The younger the child (especially below 12 months of age), the more critical the timescales - as brain growth is occurring at a significant rate, and therefore, longer timescales may not be adequate to safeguard and promote the child’s welfare. If no significant progress is being made, the situation should be escalated to the Paediatrician.

When continued monitoring of a child’s growth and development takes place because of concerns about faltering growth, there must be effective sharing of information amongst all professionals involved with the child and family. For more information see Information Sharing and Confidentiality Procedure.

Multi-agency discussion should take place appropriate to the threshold of the risk of significant harm to the child, e.g. Strategy Meeting, Child Protection Conference, Child in Need Meeting, Early Help or Team around the Family Meeting.

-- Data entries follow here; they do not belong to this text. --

lemma continuous_on_Icc_uniform_modulus:
  fixes g :: "real \<Rightarrow> real"
  assumes "continuous_on {a..b} g" "0 < \<epsilon>"
  obtains \<delta> where "0 < \<delta>" "\<And>x y. x \<in> {a..b} \<Longrightarrow> y \<in> {a..b} \<Longrightarrow> \<bar>x - y\<bar> < \<delta> \<Longrightarrow> \<bar>g x - g y\<bar> < \<epsilon>"
proof -
  have "uniformly_continuous_on {a..b} g" by (rule compact_uniformly_continuous[OF assms(1) compact_Icc])
  then obtain \<delta> where "0 < \<delta>" "\<And>x y. x \<in> {a..b} \<Longrightarrow> y \<in> {a..b} \<Longrightarrow> dist x y < \<delta> \<Longrightarrow> dist (g x) (g y) < \<epsilon>"
    unfolding uniformly_continuous_on_def using assms(2) by metis
  then show thesis by (intro that[of \<delta>]) (auto simp: dist_real_def)
qed

lemma eventually_incr_small:
  assumes P: "\<forall>n. is_partition (q n) (L n) t (h n)" and h: "h \<longlonglongrightarrow> 0"
    and f: "continuous_on {0..t} f" and e: "0 < \<epsilon>"
  shows "eventually (\<lambda>n. \<forall>j\<in>{1..<L n}. \<bar>incr (q n) f j\<bar> < \<epsilon>) sequentially"
proof -
  obtain \<delta> where "0 < \<delta>" and uc: "\<And>x y. x \<in> {0..t} \<Longrightarrow> y \<in> {0..t} \<Longrightarrow> \<bar>x - y\<bar> < \<delta> \<Longrightarrow> \<bar>f x - f y\<bar> < \<epsilon>"
    using continuous_on_Icc_uniform_modulus[OF f e] by blast
  with h have "eventually (\<lambda>n. h n < \<delta>) sequentially"
    by (simp add: order_tendstoD(2))
  then show ?thesis
  proof eventually_elim
    case (elim n)
    show ?case
    proof
      fix j assume "j \<in> {1..<L n}"
      note cell = is_partition_cell[OF P[rule_format, of n] this]
      then show "\<bar>incr (q n) f j\<bar> < \<epsilon>"
        using uc[of "q n (Suc j)" "q n j"] elim by (simp add: incr_def)
    qed
  qed
qed

lemma bounded_variation_on_partition:
  assumes "bounded_variation_on f 0 t"
  obtains V where "\<And>p L h. is_partition p L t h \<Longrightarrow> (\<Sum>j\<in>{1..<L}. \<bar>incr p f j\<bar>) \<le> V"
proof -
  obtain B where B: "\<And>(p::nat \<Rightarrow> real) k. p 0 = 0 \<Longrightarrow> p k = t \<Longrightarrow> (\<forall>j<k. p j \<le> p (Suc j)) \<Longrightarrow>
        (\<Sum>j<k. \<bar>f (p (Suc j)) - f (p j)\<bar>) \<le> B"
    using assms unfolding bounded_variation_on_def by blast
  have "(\<Sum>j\<in>{1..<L}. \<bar>incr p f j\<bar>) \<le> B" if P: "is_partition p L t h" for p L h
  proof -
    have L: "L = Suc (L - 1)" using P unfolding is_partition_def by simp
    \<comment> \<open>The partitions in the definition of bounded variation are indexed from 0, ours from 1.\<close>
    have "(\<Sum>j\<in>{1..<L}. \<bar>incr p f j\<bar>) = (\<Sum>j<L - 1. \<bar>f (p (Suc (Suc j))) - f (p (Suc j))\<bar>)"
      using sum.shift_bounds_Suc_ivl[of "\<lambda>j. \<bar>incr p f j\<bar>" 0 "L - 1"] L
      by (simp add: incr_def lessThan_atLeast0)
    also have "\<dots> \<le> B"
      using P L by (intro B) (auto simp: is_partition_def)
    finally show ?thesis .
  qed
  then show thesis by (rule that)
qed

lemma riemann_sum_uniform_grid:
  fixes g :: "real \<Rightarrow> real"
  assumes g: "continuous_on {0..t} g" and t: "0 \<le> t" and K: "0 < K"
    and uc: "\<forall>x\<in>{0..t}. \<forall>y\<in>{0..t}. \<bar>x - y\<bar> \<le> t / real K \<longrightarrow> \<bar>g x - g y\<bar> \<le> \<epsilon>"
  shows "\<bar>t / real K * (\<Sum>k\<in>{1..K}. g (t * real k / real K)) - integral {0..t} g\<bar> \<le> \<epsilon> * t"
proof -
  define r where "r k = t * real k / real K" for k
  have r_le: "r k \<le> t" if "k \<le> K" for k
    using that t K by (auto simp: r_def field_simps intro!: mult_left_mono)
  have "\<bar>t / real K * (\<Sum>k\<in>{1..l}. g (r k)) - integral {0..r l} g\<bar> \<le> \<epsilon> * r l" if "l \<le> K" for l
    using that
  proof (induction l)
    case (Suc l)
    have cell: "0 \<le> r l" "r l \<le> r (Suc l)" "r (Suc l) \<le> t" "r (Suc l) - r l = t / real K"
      using r_le[OF Suc.prems] t K by (auto simp: r_def field_simps)
    have "integral {0..r (Suc l)} g = integral {0..r l} g + integral {r l..r (Suc l)} g"
      using cell by (intro Henstock_Kurzweil_Integration.integral_combine[symmetric]
          integrable_on_subinterval[OF integrable_continuous_interval[OF g]]) auto
    moreover have "\<bar>integral {r l..r (Suc l)} (\<lambda>x. g x - g (r (Suc l)))\<bar> \<le> \<epsilon> * (t / real K)"
    proof -
      have "continuous_on {r l..r (Suc l)} (\<lambda>x. g x - g (r (Suc l)))"
        using cell by (auto intro!: continuous_intros continuous_on_subset[OF g])
      moreover have "\<And>x. x \<in> {r l..r (Suc l)} \<Longrightarrow> norm (g x - g (r (Suc l))) \<le> \<epsilon>"
        using uc cell by auto
      ultimately show ?thesis using integral_bound[OF cell(2)] cell(4) by fastforce
    qed
    moreover have "integral {r l..r (Suc l)} (\<lambda>x. g x - g (r (Suc l)))
        = integral {r l..r (Suc l)} g - t / real K * g (r (Suc l))"
      using cell by (subst integral_diff)
        (auto intro: integrable_on_subinterval[OF integrable_continuous_interval[OF g]])
    ultimately show ?case
      using Suc cell by (simp add: algebra_simps abs_le_iff)
  qed (simp add: r_def)
  from this[of K] show ?thesis using K by (simp add: r_def)
qed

Ongoing monitoring of the plan should be agreed as appropriate to each of the services involved with the child or family. The role of each professional should be clear. The roles of health professionals are to diagnose and treat any organic disorder, consider any safeguarding concerns and report unexplained faltering growth. For example, a Paediatrician may wish to review the child in 6 weeks’ time, the Health Visitor will check the weight at intervals in between and the Dietician will advise the family so that they can implement the advice at home. The school and children’s centre staff should also participate in the monitoring and feedback process.